Rozumiem doskonale…ja ode lekarza nie oczekuję, że mnie przytuli bo emocje u mnie są na poziomie drewnianego klocka

ale oczekuję, że mam prawo do zadawania pytań, tym bardziej zasadnych. W moim przypadku lekarz zasugerował, ze nie wspomniałam w wywiadzie o zakrzepicy i zespole antyfosfolipidowym. Cóż…wspomniałam, pokazałam wszystkie badania, w tym te robione w odstępie kilku tygodni jak w przypadku zespołu co Asystent dr uznał za bardzo istotne.

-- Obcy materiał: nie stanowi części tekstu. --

(* (1) For every integer $n\ge 8$, the minimum of ${\rm cc}(G)$ over all $2$-connected graphs $G$ of order $n$ with girth at least $4$ equals $6$. (2) For every integer $n\ge 10$, the minimum of ${\rm cc}(G)$ over all $2$-connected graphs $G$ of order $n$ with girth at least $5$ equals $8$. (3) For every even integer $n\ge 12$, the minimum of ${\rm cc}(G)$ over all $2$-connected graphs $G$ of order $n$ with girth at least $6$ equals $8$; for every odd integer $n\ge 13$, this minimum equals $9$.
   Context: All graphs are finite and simple. The girth of a graph is the length of a shortest cycle. A cummerbund of a graph is a longest cycle; ${\rm cc}(G)$ is the number of vertices of $G$ lying in at least one cummerbund. *)

theory Defs
  imports Main
begin

definition simple_graph :: "'a set \<Rightarrow> ('a \<Rightarrow> 'a \<Rightarrow> bool) \<Rightarrow> bool" where
  "simple_graph V E \<longleftrightarrow> finite V \<and> (\<forall>x y. E x y \<longrightarrow> x \<in> V \<and> y \<in> V)
     \<and> (\<forall>x y. E x y \<longrightarrow> E y x) \<and> (\<forall>x. \<not> E x x)"

definition is_cycle :: "('a \<Rightarrow> 'a \<Rightarrow> bool) \<Rightarrow> 'a list \<Rightarrow> bool" where
  "is_cycle E c \<longleftrightarrow> length c \<ge> 3 \<and> distinct c
     \<and> (\<forall>i < length c. E (c ! i) (c ! ((i + 1) mod length c)))"

definition girth_at_least :: "('a \<Rightarrow> 'a \<Rightarrow> bool) \<Rightarrow> nat \<Rightarrow> bool" where
  "girth_at_least E g \<longleftrightarrow> (\<forall>c. is_cycle E c \<longrightarrow> length c \<ge> g)"

definition connected_on :: "'a set \<Rightarrow> ('a \<Rightarrow> 'a \<Rightarrow> bool) \<Rightarrow> bool" where
  "connected_on W E \<longleftrightarrow> W \<noteq> {} \<and>
     (\<forall>u\<in>W. \<forall>w\<in>W. (\<lambda>x y. x \<in> W \<and> y \<in> W \<and> E x y)\<^sup>*\<^sup>* u w)"

definition two_connected :: "'a set \<Rightarrow> ('a \<Rightarrow> 'a \<Rightarrow> bool) \<Rightarrow> bool" where
  "two_connected V E \<longleftrightarrow> card V > 2 \<and>
     (\<forall>S. S \<subseteq> V \<and> card S < 2 \<longrightarrow> connected_on (V - S) E)"

definition cummerbund :: "('a \<Rightarrow> 'a \<Rightarrow> bool) \<Rightarrow> 'a list \<Rightarrow> bool" where
  "cummerbund E c \<longleftrightarrow> is_cycle E c \<and> (\<forall>c'. is_cycle E c' \<longrightarrow> length c' \<le> length c)"

definition cc :: "'a set \<Rightarrow> ('a \<Rightarrow> 'a \<Rightarrow> bool) \<Rightarrow> nat" where
  "cc V E = card {v \<in> V. \<exists>c. cummerbund E c \<and> v \<in> set c}"

text \<open>Values of cc over all 2-connected graphs of order n with girth at least g
  (every finite graph is isomorphic to one with natural-number vertices).\<close>
definition cc_values :: "nat \<Rightarrow> nat \<Rightarrow> nat set" where
  "cc_values n g = {cc V E | (V :: nat set) E. simple_graph V E \<and> card V = n
      \<and> two_connected V E \<and> girth_at_least E g}"

definition is_minimum :: "nat set \<Rightarrow> nat \<Rightarrow> bool" where
  "is_minimum S m \<longleftrightarrow> m \<in> S \<and> (\<forall>x\<in>S. m \<le> x)"

end

theory Submission
  imports Defs
begin

text \<open>
  The upper bounds come from theta graphs: two hubs joined by internally disjoint paths. If
  the two paths with the most inner vertices are strictly longer than all others, their union
  is the unique longest cycle, so cc is its length, while the number and lengths of the other
  paths fix the order and keep the girth.

  For the lower bounds let \<open>C\<close> be a longest cycle. In a 2-connected graph every vertex off
  \<open>C\<close> lies on an ear of \<open>C\<close>, a path outside \<open>C\<close> between two vertices of \<open>C\<close>. An ear with
  \<open>m\<close> inner vertices whose ends are \<open>d\<close> steps apart on \<open>C\<close> closes cycles of lengths
  \<open>m + 1 + d\<close> and \<open>m + 1 + |C| - d\<close>, both between the girth and \<open>|C|\<close>, and if one of them
  is longest the ear lies on a cummerbund. This arithmetic settles all circumferences except
  6 and 7 for girth 5 and 8 for girth 6. There, two disjoint ears with the same ends close a
  short cycle, and two crossing ears with \<open>p\<close> and \<open>q\<close> inner vertices close a cycle of
  length at least \<open>(|C| + 4)/2 + p + q\<close>. If cc is too small, every vertex off \<open>C\<close> lies
  on an ear with one inner vertex, and the ears of distinct vertices must share an end, which is
  impossible for two vertices on a hexagon and for three on a heptagon; and on an octagon with
  \<open>cc = 8\<close> every vertex off \<open>C\<close> has exactly one neighbour off \<open>C\<close>, so the order is even.
\<close>

section \<open>Cycles and walks as lists\<close>

lemma successively_upt_iff:
  "successively R [i..<n] \<longleftrightarrow> (\<forall>k. i \<le> k \<longrightarrow> Suc k < n \<longrightarrow> R k (Suc k))"
proof -
  have "(\<forall>m. Suc m < n - i \<longrightarrow> R (i + m) (i + Suc m)) \<longleftrightarrow> (\<forall>k. i \<le> k \<longrightarrow> Suc k < n \<longrightarrow> R k (Suc k))"
  proof (intro iffI allI impI)
    assume H: "\<forall>m. Suc m < n - i \<longrightarrow> R (i + m) (i + Suc m)"
    fix k assume "i \<le> k" "Suc k < n"
    then have "Suc (k - i) < n - i" by linarith
    then have "R (i + (k - i)) (i + Suc (k - i))" using H by blast
    then show "R k (Suc k)" using \<open>i \<le> k\<close> by simp
  qed auto
  then show ?thesis by (simp add: successively_conv_nth del: upt_Suc)
qed

lemma is_cycle_iff:
  "is_cycle E c \<longleftrightarrow> 3 \<le> length c \<and> distinct c \<and> successively E c \<and> E (last c) (hd c)"
proof
  assume a: "is_cycle E c"
  then have L: "3 \<le> length c" "distinct c" and e: "\<forall>i<length c. E (c ! i) (c ! ((i + 1) mod length c))"
    by (auto simp: is_cycle_def)
  have "successively E c"
    unfolding successively_conv_nth
  proof (intro allI impI)
    fix i assume "Suc i < length c"
    then show "E (c ! i) (c ! Suc i)" using e[rule_format, of i] by simp
  qed
  moreover have "E (last c) (hd c)"
  proof -
    have "length c - 1 < length c" using L by simp
    from e[rule_format, OF this] L show ?thesis
    proof -
      have ne: "c \<noteq> []" using L by auto
      have "(length c - 1 + 1) mod length c = 0" using L by (cases "length c") auto
      then show ?thesis using e[rule_format, OF \<open>length c - 1 < length c\<close>] ne
        by (simp add: last_conv_nth hd_conv_nth)
    qed
  qed
  ultimately show "3 \<le> length c \<and> distinct c \<and> successively E c \<and> E (last c) (hd c)" using L by simp
next
  assume a: "3 \<le> length c \<and> distinct c \<and> successively E c \<and> E (last c) (hd c)"
  show "is_cycle E c"
    unfolding is_cycle_def
  proof (intro conjI allI impI)
    fix i assume i: "i < length c"
    show "E (c ! i) (c ! ((i + 1) mod length c))"
    proof (cases "Suc i < length c")
      case True then show ?thesis using a successively_nth[of E c i] by simp
    next
      case False
      then have "i = length c - 1" using i by simp
      have ne: "c \<noteq> []" using a by auto
      have "E (c ! (length c - 1)) (c ! 0)" using a ne by (simp add: last_conv_nth hd_conv_nth)
      moreover obtain n where "length c = Suc n" using ne by (cases c) auto
      ultimately show ?thesis using \<open>i = length c - 1\<close> by simp
    qed
  qed (use a in auto)
qed

definition arc :: "'a list \<Rightarrow> nat \<Rightarrow> nat \<Rightarrow> 'a list" where
  "arc C i j = map ((!) C) [i..<Suc j]"

lemma length_arc [simp]: "length (arc C i j) = Suc j - i"
  by (simp add: arc_def del: upt_Suc)

lemma arc_nonempty: "i \<le> j \<Longrightarrow> arc C i j \<noteq> []"
  by (simp add: arc_def del: upt_Suc)

lemma hd_arc [simp]: "i \<le> j \<Longrightarrow> hd (arc C i j) = C ! i"
  by (simp add: arc_def hd_map del: upt_Suc)

lemma last_arc [simp]: "i \<le> j \<Longrightarrow> last (arc C i j) = C ! j"
  by (simp add: arc_def last_map del: upt_Suc)

lemma set_arc: "set (arc C i j) = (!) C ` {i..j}"
  by (auto simp: arc_def)

lemma set_arc_subset: "j < length C \<Longrightarrow> set (arc C i j) \<subseteq> set C"
  by (auto simp: set_arc)

lemma distinct_arc: "distinct C \<Longrightarrow> j < length C \<Longrightarrow> distinct (arc C i j)"
  by (auto simp: arc_def distinct_map inj_on_def nth_eq_iff_index_eq)

lemma arcs_disjoint:
  "distinct C \<Longrightarrow> l < length C \<Longrightarrow> j < k \<Longrightarrow> set (arc C i j) \<inter> set (arc C k l) = {}"
  by (auto simp: set_arc nth_eq_iff_index_eq)

lemma successively_arc:
  assumes "is_cycle E C" "j < length C"
  shows "successively E (arc C i j)"
proof -
  have "E (C ! k) (C ! Suc k)" if "Suc k < length C" for k
    using assms(1) that unfolding is_cycle_def by (metis Suc_eq_plus1 Suc_lessD mod_less)
  then show ?thesis using assms(2) by (simp add: arc_def successively_map successively_upt_iff del: upt_Suc)
qed

lemma cycle_closing_edge:
  assumes "is_cycle E C" shows "E (C ! (length C - 1)) (C ! 0)"
proof -
  have "C \<noteq> []" using assms by (auto simp: is_cycle_def)
  then show ?thesis using assms by (simp add: is_cycle_iff last_conv_nth hd_conv_nth)
qed

lemma interval_propagation:
  fixes Q :: "nat \<Rightarrow> bool"
  assumes start: "Q j" "0 < j" "j < n"
    and step: "\<And>t. 0 < t \<Longrightarrow> t < n \<Longrightarrow> Q t \<Longrightarrow> Q (t - 1) \<and> Q (Suc t)"
    and i: "i \<le> n"
  shows "Q i"
proof -
  have down: "Q (j - d)" for d
  proof (induction d)
    case (Suc d)
    show ?case
    proof (cases "j - d = 0")
      case False
      then have "Q (j - d - 1)" using step[of "j - d"] Suc start(3) by linarith
      moreover have "j - d - 1 = j - Suc d" by arith
      ultimately show ?thesis by simp
    qed (use Suc in simp)
  qed (use start in simp)
  have up: "j + d \<le> n \<Longrightarrow> Q (j + d)" for d
  proof (induction d)
    case (Suc d)
    then have "Q (j + d)" "0 < j + d" "j + d < n" using start by simp_all
    then show ?case using step[of "j + d"] by simp
  qed (use start in simp)
  show ?thesis
  proof (cases "i \<le> j")
    case True
    then show ?thesis using down[of "j - i"] by simp
  next
    case False
    then show ?thesis using up[of "i - j"] i by simp
  qed
qed

lemma obtain_two_elements:
  assumes "2 \<le> card A"
  obtains x y where "x \<in> A" "y \<in> A" "x \<noteq> y"
proof -
  obtain T where "T \<subseteq> A" "card T = 2" using obtain_subset_with_card_n[OF assms] by blast
  then show ?thesis using that by (auto simp: card_2_iff)
qed

lemma obtain_three_elements:
  assumes "3 \<le> card A"
  obtains x y z where "x \<in> A" "y \<in> A" "z \<in> A" "x \<noteq> y" "x \<noteq> z" "y \<noteq> z"
proof -
  obtain T where "T \<subseteq> A" "card T = 3" using obtain_subset_with_card_n[OF assms] by blast
  then show ?thesis using that by (auto simp: card_3_iff)
qed

lemma even_card_if_involution:
  assumes "finite A" and "\<And>x. x \<in> A \<Longrightarrow> f x \<in> A \<and> f x \<noteq> x \<and> f (f x) = x"
  shows "even (card A)"
  using assms
proof (induction "card A" arbitrary: A rule: less_induct)
  case less
  show ?case
  proof (cases "A = {}")
    case False
    then obtain x where x: "x \<in> A" by blast
    let ?B = "A - {x, f x}"
    have pair: "{x, f x} \<subseteq> A" "card {x, f x} = 2" using less.prems(2)[OF x] x by auto
    then have card: "card A = card ?B + 2"
      using card_mono[OF less.prems(1) pair(1)] by (simp add: card_Diff_subset)
    have closed: "f y \<in> ?B \<and> f y \<noteq> y \<and> f (f y) = y" if "y \<in> ?B" for y
      using that less.prems(2) x by (metis DiffE DiffI insertCI insertE singletonD)
    have "even (card ?B)" by (rule less.hyps) (use card less.prems(1) closed in auto)
    then show ?thesis using card by simp
  qed simp
qed

lemma girth_le_length: "girth_at_least E g \<Longrightarrow> is_cycle E c \<Longrightarrow> g \<le> length c"
  unfolding girth_at_least_def by blast

lemma rtranclp_imp_walk:
  assumes "R\<^sup>*\<^sup>* a b"
  shows "\<exists>p. p \<noteq> [] \<and> hd p = a \<and> last p = b \<and> successively R p"
  using assms
proof (induction rule: converse_rtranclp_induct)
  case base then show ?case by (intro exI[of _ "[b]"]) simp
next
  case (step y z)
  then obtain p where p: "p \<noteq> []" "hd p = z" "last p = b" "successively R p" by blast
  then show ?case using step(1) by (intro exI[of _ "y # p"]) (auto simp: successively_Cons)
qed

lemma walk_imp_path:
  assumes "successively R p" "p \<noteq> []"
  shows "\<exists>q. q \<noteq> [] \<and> distinct q \<and> hd q = hd p \<and> last q = last p \<and> set q \<subseteq> set p \<and> successively R q"
  using assms
proof (induction "length p" arbitrary: p rule: less_induct)
  case less
  show ?case
  proof (cases "distinct p")
    case True then show ?thesis using less by blast
  next
    case False
    then obtain xs ys zs y where d: "p = xs @ [y] @ ys @ [y] @ zs" using not_distinct_decomp by blast
    let ?p' = "xs @ [y] @ zs"
    have s: "successively R ?p'"
      using less(2) unfolding d
      by (auto simp: successively_append_iff successively_Cons split: if_splits)
    have l: "length ?p' < length p" using d by simp
    have h: "hd ?p' = hd p" using d by (cases xs) auto
    have la: "last ?p' = last p" using d by (cases zs) auto
    have st: "set ?p' \<subseteq> set p" using d by auto
    obtain q where "q \<noteq> [] \<and> distinct q \<and> hd q = hd ?p' \<and> last q = last ?p' \<and> set q \<subseteq> set ?p' \<and> successively R q"
      using less(1)[OF l s] by auto
    then show ?thesis using h la st by auto
  qed
qed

Zapisy w karcie oczywiscie znalazł. Nie moja wina, ze sie z nimi nie zapoznał. Negatywna komunikacja pozostała. I irytuje mnie stos dokumentów zabezpieczających klinikę…bo jak to powiedział Asystent: jestem ciężkim przypadkiem bo po przejściach wiec jesli nie uda sie u dr L. to sie nie uda bo on jest najlepszy wiec musi sie zabezpieczyć. Samo zabezpieczenie prawne jak najbardziej rozumiem ale komunikacja juz nie jest akceptowalna dla mnie. Prawdę mówiąc zostałam tam bo chciałam dokończyć to ostatnia stymulacje i tyle.